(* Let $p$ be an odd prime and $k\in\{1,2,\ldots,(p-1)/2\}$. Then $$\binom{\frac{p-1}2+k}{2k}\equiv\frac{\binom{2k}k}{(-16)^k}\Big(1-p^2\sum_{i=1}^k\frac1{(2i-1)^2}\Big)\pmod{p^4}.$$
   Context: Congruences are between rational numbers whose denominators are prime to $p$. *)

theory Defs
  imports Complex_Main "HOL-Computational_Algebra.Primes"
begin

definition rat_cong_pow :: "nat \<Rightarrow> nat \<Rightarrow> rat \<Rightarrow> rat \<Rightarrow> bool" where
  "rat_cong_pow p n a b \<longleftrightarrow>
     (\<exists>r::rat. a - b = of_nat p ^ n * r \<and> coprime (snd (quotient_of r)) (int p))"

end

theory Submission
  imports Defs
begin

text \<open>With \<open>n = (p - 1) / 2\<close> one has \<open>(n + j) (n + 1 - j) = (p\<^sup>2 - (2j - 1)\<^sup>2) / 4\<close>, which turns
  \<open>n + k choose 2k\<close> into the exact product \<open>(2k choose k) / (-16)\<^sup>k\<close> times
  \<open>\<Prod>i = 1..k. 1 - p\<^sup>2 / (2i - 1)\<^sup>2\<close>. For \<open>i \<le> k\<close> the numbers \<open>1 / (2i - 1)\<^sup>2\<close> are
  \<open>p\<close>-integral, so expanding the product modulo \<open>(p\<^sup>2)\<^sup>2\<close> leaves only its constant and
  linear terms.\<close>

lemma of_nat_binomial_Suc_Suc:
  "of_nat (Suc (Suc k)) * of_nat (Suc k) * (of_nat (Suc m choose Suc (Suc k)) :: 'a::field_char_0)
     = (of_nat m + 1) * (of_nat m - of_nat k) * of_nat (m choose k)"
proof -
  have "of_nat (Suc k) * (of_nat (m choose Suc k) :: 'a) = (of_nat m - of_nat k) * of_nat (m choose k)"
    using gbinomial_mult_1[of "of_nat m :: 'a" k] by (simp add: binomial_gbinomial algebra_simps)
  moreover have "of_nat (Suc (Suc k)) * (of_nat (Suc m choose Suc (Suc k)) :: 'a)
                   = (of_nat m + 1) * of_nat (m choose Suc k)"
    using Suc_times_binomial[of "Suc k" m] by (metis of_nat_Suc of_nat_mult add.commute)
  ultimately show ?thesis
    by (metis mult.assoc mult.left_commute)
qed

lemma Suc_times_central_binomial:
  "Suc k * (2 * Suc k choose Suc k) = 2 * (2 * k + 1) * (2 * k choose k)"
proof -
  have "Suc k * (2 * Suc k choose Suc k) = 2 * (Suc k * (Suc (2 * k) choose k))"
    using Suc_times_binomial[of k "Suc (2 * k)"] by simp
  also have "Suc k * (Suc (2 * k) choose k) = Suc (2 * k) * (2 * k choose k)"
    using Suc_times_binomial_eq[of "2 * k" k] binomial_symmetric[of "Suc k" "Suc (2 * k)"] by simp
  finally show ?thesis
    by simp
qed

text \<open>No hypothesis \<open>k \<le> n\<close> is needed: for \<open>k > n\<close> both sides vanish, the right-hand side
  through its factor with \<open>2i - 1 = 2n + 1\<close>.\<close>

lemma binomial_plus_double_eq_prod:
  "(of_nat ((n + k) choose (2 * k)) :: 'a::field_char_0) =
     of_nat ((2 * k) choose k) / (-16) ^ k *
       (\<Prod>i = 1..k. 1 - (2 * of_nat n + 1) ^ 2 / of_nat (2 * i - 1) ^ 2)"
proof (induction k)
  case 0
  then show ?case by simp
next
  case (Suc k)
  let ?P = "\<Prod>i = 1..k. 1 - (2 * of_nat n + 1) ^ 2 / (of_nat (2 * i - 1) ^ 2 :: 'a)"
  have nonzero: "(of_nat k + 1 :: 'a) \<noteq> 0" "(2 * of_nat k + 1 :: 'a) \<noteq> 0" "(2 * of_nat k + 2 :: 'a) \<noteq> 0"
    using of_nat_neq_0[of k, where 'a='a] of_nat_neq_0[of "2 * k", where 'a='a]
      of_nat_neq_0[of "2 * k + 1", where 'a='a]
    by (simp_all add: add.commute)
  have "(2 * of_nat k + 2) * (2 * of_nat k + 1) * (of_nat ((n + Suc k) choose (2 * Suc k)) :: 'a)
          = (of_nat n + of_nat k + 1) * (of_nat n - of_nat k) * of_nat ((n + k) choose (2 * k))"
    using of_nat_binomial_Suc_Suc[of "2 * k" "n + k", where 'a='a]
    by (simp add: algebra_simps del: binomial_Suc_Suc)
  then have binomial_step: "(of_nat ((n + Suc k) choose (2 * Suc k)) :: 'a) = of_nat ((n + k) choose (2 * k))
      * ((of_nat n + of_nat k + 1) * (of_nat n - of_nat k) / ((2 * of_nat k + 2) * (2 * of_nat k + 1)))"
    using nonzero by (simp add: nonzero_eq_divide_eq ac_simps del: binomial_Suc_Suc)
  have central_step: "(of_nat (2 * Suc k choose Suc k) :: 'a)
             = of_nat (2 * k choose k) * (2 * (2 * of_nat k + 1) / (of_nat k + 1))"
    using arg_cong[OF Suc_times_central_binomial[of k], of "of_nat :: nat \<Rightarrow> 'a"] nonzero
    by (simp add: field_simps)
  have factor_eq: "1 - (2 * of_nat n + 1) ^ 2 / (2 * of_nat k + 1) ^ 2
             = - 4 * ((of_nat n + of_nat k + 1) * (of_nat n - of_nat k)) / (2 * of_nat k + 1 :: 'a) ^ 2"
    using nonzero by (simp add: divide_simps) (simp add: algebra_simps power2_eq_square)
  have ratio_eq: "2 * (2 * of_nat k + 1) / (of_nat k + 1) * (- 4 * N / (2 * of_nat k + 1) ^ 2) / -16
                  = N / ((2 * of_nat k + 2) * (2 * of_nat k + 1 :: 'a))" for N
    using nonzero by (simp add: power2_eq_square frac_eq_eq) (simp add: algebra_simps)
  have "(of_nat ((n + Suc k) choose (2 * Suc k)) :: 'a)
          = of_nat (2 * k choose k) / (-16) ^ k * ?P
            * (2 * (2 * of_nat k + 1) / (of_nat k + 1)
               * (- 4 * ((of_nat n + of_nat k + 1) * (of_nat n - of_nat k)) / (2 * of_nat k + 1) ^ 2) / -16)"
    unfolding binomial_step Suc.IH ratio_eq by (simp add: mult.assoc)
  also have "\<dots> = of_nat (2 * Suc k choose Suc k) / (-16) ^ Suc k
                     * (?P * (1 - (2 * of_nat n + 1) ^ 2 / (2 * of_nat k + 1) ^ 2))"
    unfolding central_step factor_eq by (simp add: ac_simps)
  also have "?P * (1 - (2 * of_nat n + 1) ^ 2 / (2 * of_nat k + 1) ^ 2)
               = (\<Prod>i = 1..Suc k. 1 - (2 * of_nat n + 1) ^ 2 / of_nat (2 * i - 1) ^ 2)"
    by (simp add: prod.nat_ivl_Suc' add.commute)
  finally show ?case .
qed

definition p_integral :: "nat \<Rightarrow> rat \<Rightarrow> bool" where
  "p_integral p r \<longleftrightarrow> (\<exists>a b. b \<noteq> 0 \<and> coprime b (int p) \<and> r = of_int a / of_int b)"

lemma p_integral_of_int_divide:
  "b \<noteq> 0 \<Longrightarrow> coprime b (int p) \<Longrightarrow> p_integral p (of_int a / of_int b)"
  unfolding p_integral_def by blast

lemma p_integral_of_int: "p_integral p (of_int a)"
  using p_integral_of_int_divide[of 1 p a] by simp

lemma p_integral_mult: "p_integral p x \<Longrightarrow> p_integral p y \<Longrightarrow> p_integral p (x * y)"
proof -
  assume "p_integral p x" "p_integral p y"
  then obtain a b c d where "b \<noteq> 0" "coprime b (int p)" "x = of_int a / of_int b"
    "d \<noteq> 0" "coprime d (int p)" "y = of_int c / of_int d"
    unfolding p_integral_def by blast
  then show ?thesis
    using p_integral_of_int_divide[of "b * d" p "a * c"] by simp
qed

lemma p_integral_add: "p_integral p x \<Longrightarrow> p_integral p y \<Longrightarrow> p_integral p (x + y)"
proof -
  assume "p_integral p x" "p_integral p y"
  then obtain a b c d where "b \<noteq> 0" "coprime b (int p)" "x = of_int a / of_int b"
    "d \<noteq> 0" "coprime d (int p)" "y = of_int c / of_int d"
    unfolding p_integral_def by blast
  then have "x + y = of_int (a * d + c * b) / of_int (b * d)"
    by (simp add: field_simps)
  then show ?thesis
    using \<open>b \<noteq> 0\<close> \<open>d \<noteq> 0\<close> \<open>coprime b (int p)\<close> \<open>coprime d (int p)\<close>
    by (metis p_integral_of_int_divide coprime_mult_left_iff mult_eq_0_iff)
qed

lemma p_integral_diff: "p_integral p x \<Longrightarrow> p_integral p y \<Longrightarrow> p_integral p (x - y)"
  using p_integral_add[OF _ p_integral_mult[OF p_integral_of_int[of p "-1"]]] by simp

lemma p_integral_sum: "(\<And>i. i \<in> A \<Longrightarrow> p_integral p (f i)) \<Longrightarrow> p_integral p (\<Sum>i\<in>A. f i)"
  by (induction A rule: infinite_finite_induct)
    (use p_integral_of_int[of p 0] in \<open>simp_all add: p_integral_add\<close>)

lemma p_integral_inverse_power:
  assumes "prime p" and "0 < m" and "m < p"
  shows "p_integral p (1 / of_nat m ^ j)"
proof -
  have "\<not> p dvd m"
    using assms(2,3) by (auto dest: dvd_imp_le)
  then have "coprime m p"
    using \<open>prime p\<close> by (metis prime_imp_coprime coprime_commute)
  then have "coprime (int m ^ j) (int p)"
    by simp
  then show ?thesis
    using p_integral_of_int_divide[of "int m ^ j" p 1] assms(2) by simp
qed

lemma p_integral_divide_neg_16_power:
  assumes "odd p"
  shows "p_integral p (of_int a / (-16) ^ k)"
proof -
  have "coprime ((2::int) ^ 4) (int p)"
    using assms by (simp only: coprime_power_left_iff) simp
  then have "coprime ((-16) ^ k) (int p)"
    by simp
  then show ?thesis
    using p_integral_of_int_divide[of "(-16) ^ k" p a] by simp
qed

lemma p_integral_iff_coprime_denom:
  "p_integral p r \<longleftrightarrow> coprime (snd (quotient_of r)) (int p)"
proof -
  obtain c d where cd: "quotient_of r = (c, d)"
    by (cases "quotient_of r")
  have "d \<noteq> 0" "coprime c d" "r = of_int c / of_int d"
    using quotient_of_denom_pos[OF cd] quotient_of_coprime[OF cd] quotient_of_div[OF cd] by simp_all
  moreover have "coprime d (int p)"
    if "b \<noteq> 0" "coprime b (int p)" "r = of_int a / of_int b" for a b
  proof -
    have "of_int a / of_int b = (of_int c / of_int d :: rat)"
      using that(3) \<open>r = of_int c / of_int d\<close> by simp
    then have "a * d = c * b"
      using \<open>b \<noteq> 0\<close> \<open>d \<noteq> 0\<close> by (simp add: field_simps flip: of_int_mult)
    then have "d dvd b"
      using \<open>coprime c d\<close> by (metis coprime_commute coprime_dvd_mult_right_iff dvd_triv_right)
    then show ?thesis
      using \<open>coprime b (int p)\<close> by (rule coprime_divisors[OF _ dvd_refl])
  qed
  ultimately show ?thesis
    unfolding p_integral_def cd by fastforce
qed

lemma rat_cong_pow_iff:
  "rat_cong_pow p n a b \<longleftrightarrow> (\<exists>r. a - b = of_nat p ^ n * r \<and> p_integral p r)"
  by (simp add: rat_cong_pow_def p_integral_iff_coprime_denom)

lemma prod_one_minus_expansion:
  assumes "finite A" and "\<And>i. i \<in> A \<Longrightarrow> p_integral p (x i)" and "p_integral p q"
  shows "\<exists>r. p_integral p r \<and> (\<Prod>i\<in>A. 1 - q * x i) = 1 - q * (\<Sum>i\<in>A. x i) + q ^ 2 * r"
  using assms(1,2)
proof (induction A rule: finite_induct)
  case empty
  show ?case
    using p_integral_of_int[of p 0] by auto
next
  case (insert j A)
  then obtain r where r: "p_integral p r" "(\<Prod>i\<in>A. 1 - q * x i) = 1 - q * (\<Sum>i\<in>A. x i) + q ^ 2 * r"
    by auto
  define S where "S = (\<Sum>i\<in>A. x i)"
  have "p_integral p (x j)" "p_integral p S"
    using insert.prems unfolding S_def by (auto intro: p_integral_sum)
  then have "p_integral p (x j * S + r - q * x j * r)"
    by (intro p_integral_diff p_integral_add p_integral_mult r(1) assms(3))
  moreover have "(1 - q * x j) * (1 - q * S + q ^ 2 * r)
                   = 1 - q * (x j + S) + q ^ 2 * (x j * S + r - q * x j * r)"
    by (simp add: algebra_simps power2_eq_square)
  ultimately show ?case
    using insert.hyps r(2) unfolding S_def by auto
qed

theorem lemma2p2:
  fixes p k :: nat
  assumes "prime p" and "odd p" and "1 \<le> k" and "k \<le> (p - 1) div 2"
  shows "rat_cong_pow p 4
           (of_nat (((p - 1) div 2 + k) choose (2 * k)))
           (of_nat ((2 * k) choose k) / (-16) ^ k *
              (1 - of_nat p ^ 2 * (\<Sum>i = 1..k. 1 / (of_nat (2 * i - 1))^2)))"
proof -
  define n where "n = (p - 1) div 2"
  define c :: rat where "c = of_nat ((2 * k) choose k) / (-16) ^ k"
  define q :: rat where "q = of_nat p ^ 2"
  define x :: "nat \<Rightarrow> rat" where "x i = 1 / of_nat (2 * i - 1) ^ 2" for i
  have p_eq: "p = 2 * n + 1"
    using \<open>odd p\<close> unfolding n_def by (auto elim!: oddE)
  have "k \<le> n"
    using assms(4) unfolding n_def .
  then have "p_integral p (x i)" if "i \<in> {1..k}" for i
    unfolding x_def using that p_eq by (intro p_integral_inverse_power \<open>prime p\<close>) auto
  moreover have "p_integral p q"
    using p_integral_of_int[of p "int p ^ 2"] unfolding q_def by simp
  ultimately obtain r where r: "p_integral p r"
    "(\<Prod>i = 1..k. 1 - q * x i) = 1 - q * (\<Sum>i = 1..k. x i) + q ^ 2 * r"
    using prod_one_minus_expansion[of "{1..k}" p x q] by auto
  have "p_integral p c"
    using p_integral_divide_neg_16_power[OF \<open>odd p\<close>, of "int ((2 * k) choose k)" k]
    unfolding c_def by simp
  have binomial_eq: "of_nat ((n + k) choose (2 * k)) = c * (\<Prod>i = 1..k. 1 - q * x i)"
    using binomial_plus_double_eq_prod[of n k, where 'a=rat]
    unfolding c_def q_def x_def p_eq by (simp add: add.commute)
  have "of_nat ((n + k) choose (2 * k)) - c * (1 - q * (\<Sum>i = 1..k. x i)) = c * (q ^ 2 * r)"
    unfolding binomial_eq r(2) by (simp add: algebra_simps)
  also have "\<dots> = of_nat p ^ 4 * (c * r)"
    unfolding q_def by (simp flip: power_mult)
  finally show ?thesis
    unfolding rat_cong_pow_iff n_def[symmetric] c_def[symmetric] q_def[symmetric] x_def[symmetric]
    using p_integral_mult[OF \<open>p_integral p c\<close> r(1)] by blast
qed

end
- - -
• [Work request]:
Each line above, from the one that contains "fixes p k :: nat" to the last line of the records, should be repeated exactly. Leave out all others.

• [Solution]:
  fixes p k :: nat
  assumes "prime p" and "odd p" and "1 \<le> k" and "k \<le> (p - 1) div 2"
  shows "rat_cong_pow p 4
           (of_nat (((p - 1) div 2 + k) choose (2 * k)))
           (of_nat ((2 * k) choose k) / (-16) ^ k *
              (1 - of_nat p ^ 2 * (\<Sum>i = 1..k. 1 / (of_nat (2 * i - 1))^2)))"
proof -
  define n where "n = (p - 1) div 2"
  define c :: rat where "c = of_nat ((2 * k) choose k) / (-16) ^ k"
  define q :: rat where "q = of_nat p ^ 2"
  define x :: "nat \<Rightarrow> rat" where "x i = 1 / of_nat (2 * i - 1) ^ 2" for i
  have p_eq: "p = 2 * n + 1"
    using \<open>odd p\<close> unfolding n_def by (auto elim!: oddE)
  have "k \<le> n"
    using assms(4) unfolding n_def .
  then have "p_integral p (x i)" if "i \<in> {1..k}" for i
    unfolding x_def using that p_eq by (intro p_integral_inverse_power \<open>prime p\<close>) auto
  moreover have "p_integral p q"
    using p_integral_of_int[of p "int p ^ 2"] unfolding q_def by simp
  ultimately obtain r where r: "p_integral p r"
    "(\<Prod>i = 1..k. 1 - q * x i) = 1 - q * (\<Sum>i = 1..k. x i) + q ^ 2 * r"
    using prod_one_minus_expansion[of "{1..k}" p x q] by auto
  have "p_integral p c"
    using p_integral_divide_neg_16_power[OF \<open>odd p\<close>, of "int ((2 * k) choose k)" k]
    unfolding c_def by simp
  have binomial_eq: "of_nat ((n + k) choose (2 * k)) = c * (\<Prod>i = 1..k. 1 - q * x i)"
    using binomial_plus_double_eq_prod[of n k, where 'a=rat]
    unfolding c_def q_def x_def p_eq by (simp add: add.commute)
  have "of_nat ((n + k) choose (2 * k)) - c * (1 - q * (\<Sum>i = 1..k. x i)) = c * (q ^ 2 * r)"
    unfolding binomial_eq r(2) by (simp add: algebra_simps)
  also have "\<dots> = of_nat p ^ 4 * (c * r)"
    unfolding q_def by (simp flip: power_mult)
  finally show ?thesis
    unfolding rat_cong_pow_iff n_def[symmetric] c_def[symmetric] q_def[symmetric] x_def[symmetric]
    using p_integral_mult[OF \<open>p_integral p c\<close> r(1)] by blast
qed

end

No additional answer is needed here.